**Work item**:
From the line containing "theory Defs" to the very last line of the data below, transcribe everything exactly and nothing more.
========================
(* Let $\mathbf b_i\in\mathcal B_k$ be a boundary point of $P(A)$. Let $\beta_1,\dots,\beta_{R_k+1}$ be the elements of $\{1/\ell_0,2/\ell_0,\dots,\ell_0/\ell_0\}$ not of the form $1-s_0^{(j)}/\ell_0$ with $\mathbf b_j\in\mathcal B_k$ a boundary point of $P(A)$ and $\mathbf b_j\neq\mathbf b_i$ (one may take $\beta_1=1$), and let $\alpha_1,\dots,\alpha_{R_k+1}$ be the elements remaining on the list $\frac{v^{(i)}_r+\sigma}{\ell_r}$ ($r=1,\dots,m$, $\sigma=0,\dots,\ell_r-1$) after one copy of each element $1-s_0^{(j)}/\ell_0$ with $\mathbf b_j\in\mathcal B_k$ a boundary point of $P(A)$, $\mathbf b_j\ne\mathbf b_i$, has been removed. Then the $R_k+1$ series $F^{(\mathbf b_j)}_{\mathbf b_i}(\lambda)$ with $\mathbf b_j\in\mathcal B_k$ either an interior point of $P(A)$ or equal to $\mathbf b_i$ are obtained from a full set of solutions at $x=0$ of the hypergeometric operator \[(\delta_x+\beta_1-1)\cdots(\delta_x+\beta_{R_k+1}-1)-x(\delta_x+\alpha_1)\cdots(\delta_x+\alpha_{R_k+1}),\qquad\delta_x=x\tfrac{d}{dx},\] by replacing $x$ by $\lambda^{\ell_0}$; that is, $F^{(\mathbf b_j)}_{\mathbf b_i}(\lambda)=H_j(\lambda^{\ell_0})$ where the $H_j(x)$ (formal series in $x^{s_0^{(j)}/\ell_0}\mathbb C[[x]]$) form a full set of solutions of this operator at $x=0$.
   Context: Let $A=\{\mathbf a_1,\dots,\mathbf a_m\}\subseteq\mathbb Z^n$ be linearly independent over $\mathbb R$, $\mathbf a_0\in\mathbb Z^n$, and $\ell_0,\dots,\ell_m$ positive integers with gcd $1$, $\ell_0\mathbf a_0=\sum_{j=1}^m\ell_j\mathbf a_j$, $\ell_0=\sum_{j=1}^m\ell_j$. Let $\mathbb ZA$, $\mathbb ZA_+$ be the groups generated by $A$ and $A\cup\{\mathbf a_0\}$. Let $V$ be the real span of $A$, $V_{\mathbb Z}=V\cap\mathbb Z^n$, $P(A)=\{\sum_jc_j\mathbf a_j:0\le c_j<1\}$, $\mathcal B=V_{\mathbb Z}\cap P(A)$. Each $\mathbf b\in\mathcal B$ is written uniquely $\mathbf b=\sum_rv_r\mathbf a_r$ with $v_r\in[0,1)$; $\mathbf b$ is an interior point of $P(A)$ if all $v_r>0$ and a boundary point otherwise. Fix a coset $\mathcal C_k$ of $\mathbb ZA_+$ in $V_{\mathbb Z}$, put $\mathcal B_k=\mathcal B\cap\mathcal C_k$ (it has $\ell_0$ elements), and let $R_k$ be the number of interior points of $P(A)$ in $\mathcal B_k$. Fix $\mathbf b_i\in\mathcal B_k$. For $\mathbf b_j\in\mathcal B_k$ write $\mathbf b_j=\sum_rv^{(j)}_r\mathbf a_r$, let $s_0^{(j)}\in\{0,\dots,\ell_0-1\}$ be the unique element with $\mathbf b_i+s_0^{(j)}\mathbf a_0\equiv\mathbf b_j\pmod{\mathbb ZA}$, and let $s^{(j)}_r\in\mathbb Z$ ($r=1,\dots,m$) be determined by $\mathbf b_i+s_0^{(j)}\mathbf a_0=\mathbf b_j-\sum_rs^{(j)}_r\mathbf a_r$. Define \[F^{(\mathbf b_j)}_{\mathbf b_i}(\lambda)=\lambda^{s_0^{(j)}}\sum_{s=0}^\infty\frac{\prod_{r=1}^m\prod_{\sigma=0}^{\ell_r-1}\big(\frac{v^{(j)}_r-s^{(j)}_r+\sigma}{\ell_r}\big)_s}{\prod_{t=1}^{\ell_0}\big(\frac{s^{(j)}_0+t}{\ell_0}\big)_s}\lambda^{s\ell_0},\] with $(a)_s=a(a+1)\cdots(a+s-1)$. *)

theory Defs
  imports "HOL-Analysis.Analysis" "HOL-Computational_Algebra.Formal_Power_Series"
    "HOL-Library.Multiset"
begin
========================
**Output**:
theory Defs
  imports "HOL-Analysis.Analysis" "HOL-Computational_Algebra.Formal_Power_Series"
    "HOL-Library.Multiset"
begin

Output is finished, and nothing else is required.